A secondary analysis will describe each of the 23 CONSORT items included in this study to determine compliance and to explore the items that most contribute to non-compliance. Charts with percentages of studies complying with each item will be provided, by year and by periods (pre-CONSORT and post-CONSORT 2010). We will explore changes for the primary and secondary outcomes on the quality of RCTs according to sample size, country of publication, funding, and language, and according to whether RCTs were published in Spanish journals or Latin American journals.

Statistical analysis will be performed with the R package statistical software (R Foundation for Statistical Computing, Vienna, Austria; 2019).

Ethics and dissemination

This protocol was approved by the Institutional Ethics Committee of Universidad de Santiago de Chile, Ethics Report No 524, dated 10 August 2018.

The results of this work will be disseminated in peer-reviewed scientific journals and conference proceedings. We expect to raise awareness among researchers, journal editors and funders on the importance of training in reporting guidelines and using them from the inception of RCT protocols.

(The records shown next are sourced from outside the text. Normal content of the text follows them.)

(* Let $\lambda$ be a nonempty partition. (1) For every integer $k\geq 2$, \[ \frac{s_\lambda(1^k)}{k}\geq \frac{s_\lambda(1^{k-1})}{k-1}. \] (2) If moreover $2\leq \ell(\lambda)\leq k-1$, then \[ \frac{s_\lambda(1^k)}{k}\geq \frac{s_\lambda(1^{k-1})}{k-1}+\frac{1}{k}. \]
   Context: $s_\lambda$ is the Schur polynomial of $\lambda$, and $s_\lambda(1^m)$ denotes its evaluation at $(1,\dots,1)$ with $m$ ones; equivalently, $s_\lambda(1^m)$ is the number of semistandard Young tableaux of shape $\lambda$ with entries in $\{1,\dots,m\}$ (rows weakly increasing left to right, columns strictly increasing top to bottom). $\ell(\lambda)$ is the number of nonzero parts of $\lambda$. *)

theory Defs
  imports Complex_Main
begin

definition is_partition :: "nat list \<Rightarrow> bool" where
  "is_partition lam \<longleftrightarrow> sorted_wrt (\<ge>) lam \<and> (\<forall>x\<in>set lam. 0 < x)"

definition part_length :: "nat list \<Rightarrow> nat" where
  "part_length lam = length (filter (\<lambda>x. (0::nat) < x) lam)"

(* cells (i,j) of the Young diagram, 0-indexed: row i, column j *)
definition young_cells :: "nat list \<Rightarrow> (nat \<times> nat) set" where
  "young_cells lam = {(i, j). i < length lam \<and> j < lam ! i}"

(* semistandard Young tableaux of shape lam with entries in {1..m};
   a tableau is a filling T of the cells, taken to be 0 outside the diagram *)
definition ssyt :: "nat list \<Rightarrow> nat \<Rightarrow> (nat \<times> nat \<Rightarrow> nat) set" where
  "ssyt lam m = {T.
     (\<forall>c. c \<notin> young_cells lam \<longrightarrow> T c = 0) \<and>
     (\<forall>c\<in>young_cells lam. T c \<in> {1..m}) \<and>
     (\<forall>i j. (i, j) \<in> young_cells lam \<and> (i, Suc j) \<in> young_cells lam \<longrightarrow> T (i, j) \<le> T (i, Suc j)) \<and>
     (\<forall>i j. (i, j) \<in> young_cells lam \<and> (Suc i, j) \<in> young_cells lam \<longrightarrow> T (i, j) < T (Suc i, j))}"

definition schur_ones :: "nat list \<Rightarrow> nat \<Rightarrow> nat" where
  "schur_ones lam m = card (ssyt lam m)"

end

theory Submission
  imports Defs "HOL-Library.FuncSet"
begin

(* Double counting. Deleting a value v that does not occur in a tableau T with entries in
   {1..k}, i.e. lowering every entry above v by one, is a bijection between such pairs (T, v)
   and pairs (T', v) with T' a tableau with entries in {1..k-1} and v in {1..k}. Hence
   k s(k-1) = sum over T of (k - #values T), that is
   (k-1) s(k) = k s(k-1) + sum over T of (#values T - 1).
   The sum is nonnegative, giving (1). For (2), the k - l + 1 tableaux whose row i is constantly
   i + 1 + c each contribute l - 1, and (k - l + 1)(l - 1) >= k - 1. *)

lemma finite_young_cells: "finite (young_cells lam)"
proof -
  have "young_cells lam = (SIGMA i:{..<length lam}. {..<lam ! i})"
    unfolding young_cells_def by auto
  then show ?thesis by simp
qed

lemma finite_ssyt: "finite (ssyt lam m)"
proof (rule finite_subset)
  let ?C = "young_cells lam"
  show "ssyt lam m \<subseteq> (\<lambda>g c. if c \<in> ?C then g c else 0) ` (?C \<rightarrow>\<^sub>E {1..m})"
  proof
    fix T assume T: "T \<in> ssyt lam m"
    then have "T = (\<lambda>c. if c \<in> ?C then restrict T ?C c else 0)"
      unfolding ssyt_def by auto
    moreover have "restrict T ?C \<in> ?C \<rightarrow>\<^sub>E {1..m}"
      using T unfolding ssyt_def by auto
    ultimately show "T \<in> (\<lambda>g c. if c \<in> ?C then g c else 0) ` (?C \<rightarrow>\<^sub>E {1..m})" by blast
  qed
  show "finite ((\<lambda>g c. if c \<in> ?C then g c else 0) ` (?C \<rightarrow>\<^sub>E {1..m}))"
    by (intro finite_imageI finite_PiE finite_young_cells) auto
qed

lemma ssyt_values_subset: "T \<in> ssyt lam k \<Longrightarrow> T ` young_cells lam \<subseteq> {1..k}"
  unfolding ssyt_def by blast

lemma ssyt_comp:
  assumes T: "T \<in> ssyt lam m" and "f 0 = 0"
    and range: "f ` T ` young_cells lam \<subseteq> {1..n}"
    and mono: "strict_mono_on (T ` young_cells lam) f"
  shows "f \<circ> T \<in> ssyt lam n"
  using T unfolding ssyt_def
  using assms(2) range strict_mono_on_leD[OF mono] strict_mono_onD[OF mono]
  by (auto simp: image_subset_iff)

definition skip_value :: "nat \<Rightarrow> nat \<Rightarrow> nat" where
  "skip_value v x = (if v \<le> x then Suc x else x)"

definition unskip_value :: "nat \<Rightarrow> nat \<Rightarrow> nat" where
  "unskip_value v x = (if v < x then x - 1 else x)"

lemma skip_value_neq: "skip_value v x \<noteq> v"
  unfolding skip_value_def by auto

lemma unskip_skip_value: "unskip_value v (skip_value v x) = x"
  unfolding skip_value_def unskip_value_def by auto

lemma skip_unskip_value: "x \<noteq> v \<Longrightarrow> skip_value v (unskip_value v x) = x"
  unfolding skip_value_def unskip_value_def by auto

lemma ssyt_values_neq:
  assumes "T \<in> ssyt lam k" "0 < v" "v \<notin> T ` young_cells lam"
  shows "T c \<noteq> v"
proof (cases "c \<in> young_cells lam")
  case False
  then have "T c = 0" using assms(1) unfolding ssyt_def by blast
  then show ?thesis using assms(2) by simp
qed (use assms(3) in blast)

lemma skip_value_ssyt:
  assumes "T \<in> ssyt lam (k - 1)" "0 < v" "v \<le> k"
  shows "skip_value v \<circ> T \<in> ssyt lam k"
proof (rule ssyt_comp[OF assms(1)])
  have "\<And>c. c \<in> young_cells lam \<Longrightarrow> T c \<in> {1..k - 1}"
    using assms(1) unfolding ssyt_def by blast
  then show "skip_value v ` T ` young_cells lam \<subseteq> {1..k}"
    using assms(2,3) unfolding skip_value_def by force
  show "strict_mono_on (T ` young_cells lam) (skip_value v)"
    by (rule strict_mono_onI) (auto simp: skip_value_def)
qed (use assms(2) in \<open>simp add: skip_value_def\<close>)

lemma unskip_value_ssyt:
  assumes T: "T \<in> ssyt lam k" and v: "0 < v" "v \<le> k" "v \<notin> T ` young_cells lam"
  shows "unskip_value v \<circ> T \<in> ssyt lam (k - 1)"
proof (rule ssyt_comp[OF T])
  have "\<And>c. c \<in> young_cells lam \<Longrightarrow> T c \<in> {1..k} - {v}"
    using T v unfolding ssyt_def by blast
  then show "unskip_value v ` T ` young_cells lam \<subseteq> {1..k - 1}"
    using v(1,2) unfolding unskip_value_def by (force simp: image_subset_iff)
  show "strict_mono_on (T ` young_cells lam) (unskip_value v)"
  proof (rule strict_mono_onI)
    fix x y assume "x \<in> T ` young_cells lam" "y \<in> T ` young_cells lam" "x < y"
    moreover from this have "x \<noteq> v" using v(3) by blast
    ultimately show "unskip_value v x < unskip_value v y"
      unfolding unskip_value_def by auto
  qed
qed (simp add: unskip_value_def)

lemma card_ssyt_missing_value_pairs:
  "card (SIGMA T:ssyt lam k. {1..k} - T ` young_cells lam) = k * card (ssyt lam (k - 1))"
proof -
  have "bij_betw (\<lambda>(T, v). (skip_value v \<circ> T, v)) (ssyt lam (k - 1) \<times> {1..k})
          (SIGMA T:ssyt lam k. {1..k} - T ` young_cells lam)"
  proof (rule bij_betw_byWitness[where f' = "\<lambda>(T, v). (unskip_value v \<circ> T, v)"])
    show "\<forall>p\<in>ssyt lam (k - 1) \<times> {1..k}.
            (\<lambda>(T, v). (unskip_value v \<circ> T, v)) ((\<lambda>(T, v). (skip_value v \<circ> T, v)) p) = p"
      by (auto simp: comp_def unskip_skip_value)
    show "\<forall>p\<in>SIGMA T:ssyt lam k. {1..k} - T ` young_cells lam.
            (\<lambda>(T, v). (skip_value v \<circ> T, v)) ((\<lambda>(T, v). (unskip_value v \<circ> T, v)) p) = p"
      by (auto simp: comp_def skip_unskip_value ssyt_values_neq)
    show "(\<lambda>(T, v). (skip_value v \<circ> T, v)) ` (ssyt lam (k - 1) \<times> {1..k})
            \<subseteq> (SIGMA T:ssyt lam k. {1..k} - T ` young_cells lam)"
    proof (rule image_subsetI, clarify)
      fix T v assume "T \<in> ssyt lam (k - 1)" "v \<in> {1..k}"
      then show "skip_value v \<circ> T \<in> ssyt lam k \<and> v \<in> {1..k} - (skip_value v \<circ> T) ` young_cells lam"
        using skip_value_ssyt[of T lam k v] skip_value_neq[of v, THEN not_sym] by auto
    qed
    show "(\<lambda>(T, v). (unskip_value v \<circ> T, v)) ` (SIGMA T:ssyt lam k. {1..k} - T ` young_cells lam)
            \<subseteq> ssyt lam (k - 1) \<times> {1..k}"
    proof (rule image_subsetI, clarify)
      fix T v assume "T \<in> ssyt lam k" "v \<in> {1..k}" "v \<notin> T ` young_cells lam"
      then show "unskip_value v \<circ> T \<in> ssyt lam (k - 1)"
        using unskip_value_ssyt[of T lam k v] by auto
    qed
  qed
  then show ?thesis
    by (simp add: bij_betw_same_card[symmetric] card_cartesian_product)
qed

lemma schur_ones_pred_identity:
  assumes "young_cells lam \<noteq> {}"
  shows "k * schur_ones lam (k - 1) + (\<Sum>T\<in>ssyt lam k. card (T ` young_cells lam) - 1)
           = (k - 1) * schur_ones lam k"
proof -
  have values_card: "1 \<le> card (T ` young_cells lam)" "card (T ` young_cells lam) \<le> k"
    if "T \<in> ssyt lam k" for T
    using assms finite_young_cells card_mono[OF _ ssyt_values_subset[OF that]]
    by (auto simp: Suc_le_eq card_gt_0_iff)
  have "k * schur_ones lam (k - 1) = (\<Sum>T\<in>ssyt lam k. card ({1..k} - T ` young_cells lam))"
    unfolding schur_ones_def card_ssyt_missing_value_pairs[symmetric]
    using finite_ssyt by (intro card_SigmaI) auto
  also have "\<dots> = (\<Sum>T\<in>ssyt lam k. k - card (T ` young_cells lam))"
    using ssyt_values_subset finite_young_cells by (intro sum.cong refl) (simp add: card_Diff_subset)
  finally have "k * schur_ones lam (k - 1) + (\<Sum>T\<in>ssyt lam k. card (T ` young_cells lam) - 1)
      = (\<Sum>T\<in>ssyt lam k. (k - card (T ` young_cells lam)) + (card (T ` young_cells lam) - 1))"
    by (simp add: sum.distrib)
  also have "\<dots> = (\<Sum>T\<in>ssyt lam k. k - 1)"
    using values_card by (intro sum.cong refl) simp
  finally show ?thesis
    unfolding schur_ones_def by (simp add: mult.commute)
qed

lemma part_length_partition: "is_partition lam \<Longrightarrow> part_length lam = length lam"
  unfolding is_partition_def part_length_def by (simp add: filter_id_conv)

lemma partition_first_column:
  assumes "is_partition lam" "i < length lam"
  shows "(i, 0) \<in> young_cells lam"
  using assms unfolding is_partition_def young_cells_def by auto

definition row_shift_tableau :: "nat list \<Rightarrow> nat \<Rightarrow> nat \<times> nat \<Rightarrow> nat" where
  "row_shift_tableau lam c = (\<lambda>(i, j). if (i, j) \<in> young_cells lam then i + 1 + c else 0)"

lemma row_shift_tableau_ssyt:
  assumes "c + length lam \<le> k"
  shows "row_shift_tableau lam c \<in> ssyt lam k"
  using assms unfolding ssyt_def row_shift_tableau_def young_cells_def by auto

lemma row_shift_tableau_values:
  assumes "is_partition lam"
  shows "row_shift_tableau lam c ` young_cells lam = (\<lambda>i. i + 1 + c) ` {..<length lam}"
proof
  show "row_shift_tableau lam c ` young_cells lam \<subseteq> (\<lambda>i. i + 1 + c) ` {..<length lam}"
    unfolding row_shift_tableau_def young_cells_def by auto
  show "(\<lambda>i. i + 1 + c) ` {..<length lam} \<subseteq> row_shift_tableau lam c ` young_cells lam"
  proof (rule image_subsetI)
    fix i assume "i \<in> {..<length lam}"
    then have "(i, 0) \<in> young_cells lam" using partition_first_column[OF assms] by simp
    then show "i + 1 + c \<in> row_shift_tableau lam c ` young_cells lam"
      by (force simp: row_shift_tableau_def)
  qed
qed

lemma card_row_shift_tableau_values:
  "is_partition lam \<Longrightarrow> card (row_shift_tableau lam c ` young_cells lam) = length lam"
  by (simp add: row_shift_tableau_values card_image inj_on_def)

lemma inj_row_shift_tableau:
  assumes "(0, 0) \<in> young_cells lam"
  shows "inj (row_shift_tableau lam)"
proof (rule injI)
  fix c d assume "row_shift_tableau lam c = row_shift_tableau lam d"
  then have "row_shift_tableau lam c (0, 0) = row_shift_tableau lam d (0, 0)" by simp
  then show "c = d" using assms unfolding row_shift_tableau_def by simp
qed

lemma ssyt_excess_values_lower_bound:
  assumes lam: "is_partition lam" and l: "2 \<le> length lam" "length lam \<le> k"
  shows "k - 1 \<le> (\<Sum>T\<in>ssyt lam k. card (T ` young_cells lam) - 1)"
proof -
  let ?l = "length lam"
  let ?S = "row_shift_tableau lam ` {0..k - ?l}"
  have "inj_on (row_shift_tableau lam) {0..k - ?l}"
    using inj_row_shift_tableau partition_first_column[OF lam] l inj_on_subset by fastforce
  then have "(\<Sum>T\<in>?S. card (T ` young_cells lam) - 1) = (k - ?l + 1) * (?l - 1)"
    by (simp add: sum.reindex card_row_shift_tableau_values[OF lam])
  moreover have "?S \<subseteq> ssyt lam k"
    using l row_shift_tableau_ssyt by auto
  then have "(\<Sum>T\<in>?S. card (T ` young_cells lam) - 1)
               \<le> (\<Sum>T\<in>ssyt lam k. card (T ` young_cells lam) - 1)"
    by (intro sum_mono2 finite_ssyt) auto
  moreover have "k - 1 \<le> (k - ?l + 1) * (?l - 1)"
  proof -
    have "1 \<le> ?l - 1" using l by linarith
    then have "k - ?l \<le> (k - ?l) * (?l - 1)" using mult_le_mono2 by fastforce
    then show ?thesis using l by (simp add: algebra_simps)
  qed
  ultimately show ?thesis by linarith
qed

lemma ratio_identity:
  fixes a b s x :: real
  assumes "1 < x" "b * x + s = a * (x - 1)"
  shows "a / x = b / (x - 1) + s / (x * (x - 1))"
proof -
  have "x \<noteq> 0" "x - 1 \<noteq> 0" using assms(1) by auto
  then have "b / (x - 1) + s / (x * (x - 1)) = (b * x + s) / (x * (x - 1))"
    by (simp add: add_divide_distrib)
  also have "\<dots> = a / x" using \<open>x - 1 \<noteq> 0\<close> by (simp add: assms(2))
  finally show ?thesis ..
qed

theorem lemma4p1:
  fixes lam :: "nat list"
  assumes "is_partition lam" and "lam \<noteq> []"
  shows "(\<forall>k::nat. k \<ge> 2 \<longrightarrow>
           real (schur_ones lam k) / real k \<ge> real (schur_ones lam (k - 1)) / real (k - 1))
      \<and> (\<forall>k::nat. k \<ge> 2 \<longrightarrow> 2 \<le> part_length lam \<longrightarrow> part_length lam \<le> k - 1 \<longrightarrow>
           real (schur_ones lam k) / real k \<ge> real (schur_ones lam (k - 1)) / real (k - 1) + 1 / real k)"
proof (intro conjI allI impI)
  fix k :: nat assume k: "2 \<le> k"
  let ?a = "real (schur_ones lam k)" and ?b = "real (schur_ones lam (k - 1))"
  define s where "s = (\<Sum>T\<in>ssyt lam k. card (T ` young_cells lam) - 1)"
  have "young_cells lam \<noteq> {}" using partition_first_column[OF assms(1)] assms(2) by blast
  from schur_ones_pred_identity[OF this, of k, folded s_def]
  have "real (k * schur_ones lam (k - 1) + s) = real ((k - 1) * schur_ones lam k)"
    by (rule arg_cong)
  then have "?b * real k + real s = ?a * (real k - 1)"
    using k by (simp add: of_nat_diff mult.commute)
  with k have ratio: "?a / real k = ?b / real (k - 1) + real s / (real k * (real k - 1))"
    using ratio_identity[of "real k"] by (simp add: of_nat_diff)
  then show "?b / real (k - 1) \<le> ?a / real k"
    using k by simp
  assume "2 \<le> part_length lam" "part_length lam \<le> k - 1"
  then have "k - 1 \<le> s"
    unfolding s_def part_length_partition[OF assms(1)]
    by (intro ssyt_excess_values_lower_bound[OF assms(1)]) auto
  then have "real k - 1 \<le> real s"
    using k by (simp add: of_nat_diff)
  then have "real k * (real k - 1) \<le> real k * real s"
    by (rule mult_left_mono) simp
  then have "1 / real k \<le> real s / (real k * (real k - 1))"
    using k by (simp add: field_simps)
  then show "?b / real (k - 1) + 1 / real k \<le> ?a / real k"
    using ratio by simp
qed

end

Patient and public involvement

No patients or public were involved in the development of this protocol. However, we expect our results will positively impact patient and public interest by providing information on the reporting of RCTs.

Discussion

CONSORT and other reporting guidelines are widely used in clinical and epidemiological research. While there is plentiful research on how these guidelines have impacted research published in the English language34–43 not enough attention has been paid to compliance with these guidelines of RCTs published in Spanish. We hypothesise that compliance with CONSORT in Spain and, especially, in Latin America, lags that observed in English-speaking countries and of journals indexed in MEDLINE, as shown in previous research.18 This important gap in reporting quality affects the overall impact of research generated from Latin America. While it is unclear the extent to which reporting quality may be used as a proxy for methodological quality, we will be able to contrast our results against previous work that has looked into methodological quality for geriatrics.31 32

Because of the nature of the population of journals that we selected for our study, most of which are included only in databases with incomplete information, or available only in print version in university libraries, it is not possible to retrospectively know which journals endorsed and enforced CONSORT by year. Conversely, we will be able to detect any improvement in RCTs reporting but whether this stems from researchers’ initiative or due to journal requirements, will not be known from our study.

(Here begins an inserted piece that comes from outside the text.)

(* The relation $\mathcal R_2=\{(w2w,w):w\in\{0,1\}^*\}\subseteq\{0,1,2\}^*\times\{0,1\}^*$ can be computed by a probabilistic finite state transducer with probability $2/3$, and by a quantum finite state transducer with probability $2/3$.
   Context: A probabilistic finite state transducer (pfst) is a tuple $T=(Q,\Sigma_1,\Sigma_2,V,f,q_0,Q_{\rm acc},Q_{\rm rej})$ with finite state set $Q$, finite input/output alphabets $\Sigma_1,\Sigma_2$, initial state $q_0$, disjoint accepting/rejecting sets $Q_{\rm acc},Q_{\rm rej}\subseteq Q$ (the other states are non-halting). For each $a\in\Sigma_1\cup\{\ddagger,\$\}$ ($\ddagger,\$$ are end markers) there is a stochastic $Q\times Q$ matrix $V_a$ and an output function $f_a:Q\to\Sigma_2^*$; $V_\$$ puts all probability on halting states. On input $v$ the machine reads $\ddagger v\$$; in state $q$ reading $a$ it appends $f_a(q)$ to the output tape and moves to state $p$ with probability $(V_a)_{qp}$; if $p$ is accepting (rejecting) it halts and accepts with the current output (rejects). $T(w|v)$ is the probability of accepting with output $w$ on input $v$. A quantum finite state transducer (qfst) has the same data except that each $V_a$ is a unitary on $\ell^2(Q)$ (and $V_\$$ maps the span of non-halting states into the span of halting states). Its non-halting part is a vector $\psi=\sum_{q,w}\alpha_{qw}|q\rangle\otimes|w\rangle\in\ell^2(Q\times\Sigma_2^* )$, initially $|q_0\rangle\otimes|\epsilon\rangle$; reading $a$ maps it to $\psi'=\sum_{q,w}\alpha_{qw}V_a|q\rangle\otimes|wf_a(q)\rangle$ with $V_a|q\rangle=\sum_p(V_a)_{qp}|p\rangle$, after which the squared norm of the component of $\psi'$ on $\mathrm{span}(Q_{\rm acc})\otimes|x\rangle$ is added to the probability of accepting with output $x$, the squared norm of the component on $\mathrm{span}(Q_{\rm rej})\otimes\ell^2(\Sigma_2^* )$ to the rejection probability, and the computation continues with the projection onto non-halting states. $T(w|v)$ is defined analogously. For $\alpha>1/2$, $T$ computes $\mathcal R$ with probability $\alpha$ if for all $v,w$: $(v,w)\in\mathcal R\Rightarrow T(w|v)\ge\alpha$ and $(v,w)\notin\mathcal R\Rightarrow T(w|v)\le1-\alpha$. *)

theory Defs
  imports Complex_Main
begin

We recognise that our study is planning a substantial reduction in the number of CONSORT items to be checked for compliance and the addition of a few others, which may make it more difficult to compare with previously published studies also assessing CONSORT compliance of RCTs. That said, in our literature search we did not find studies that used the same score scale or same number of items. Wilson et al, for example, used a truncated version of the CONSORT checklist giving priority to the methodological items,39 as did Hopewell et al.44 Loguercio et al used a third category (‘item fully present’, ‘item partially present’ and ‘item absent’) in their assessment of CONSORT compliance.45 In a nutshell, there is no core CONSORT compliance extraction form short of using the CONSORT checklist without any modifications, but in our view this would diminish the full appraisal of reporting quality as we aim to assess in our study.

We will publish the results of this three-staged study in peer-reviewed biomedical journals of each one of the three clinical fields that will be explored, preferentially in journals publishing in Spanish. We aim to raise awareness among researchers, journal editors, and funders on the importance of training in reporting guidelines and using them from the inception of the study protocol.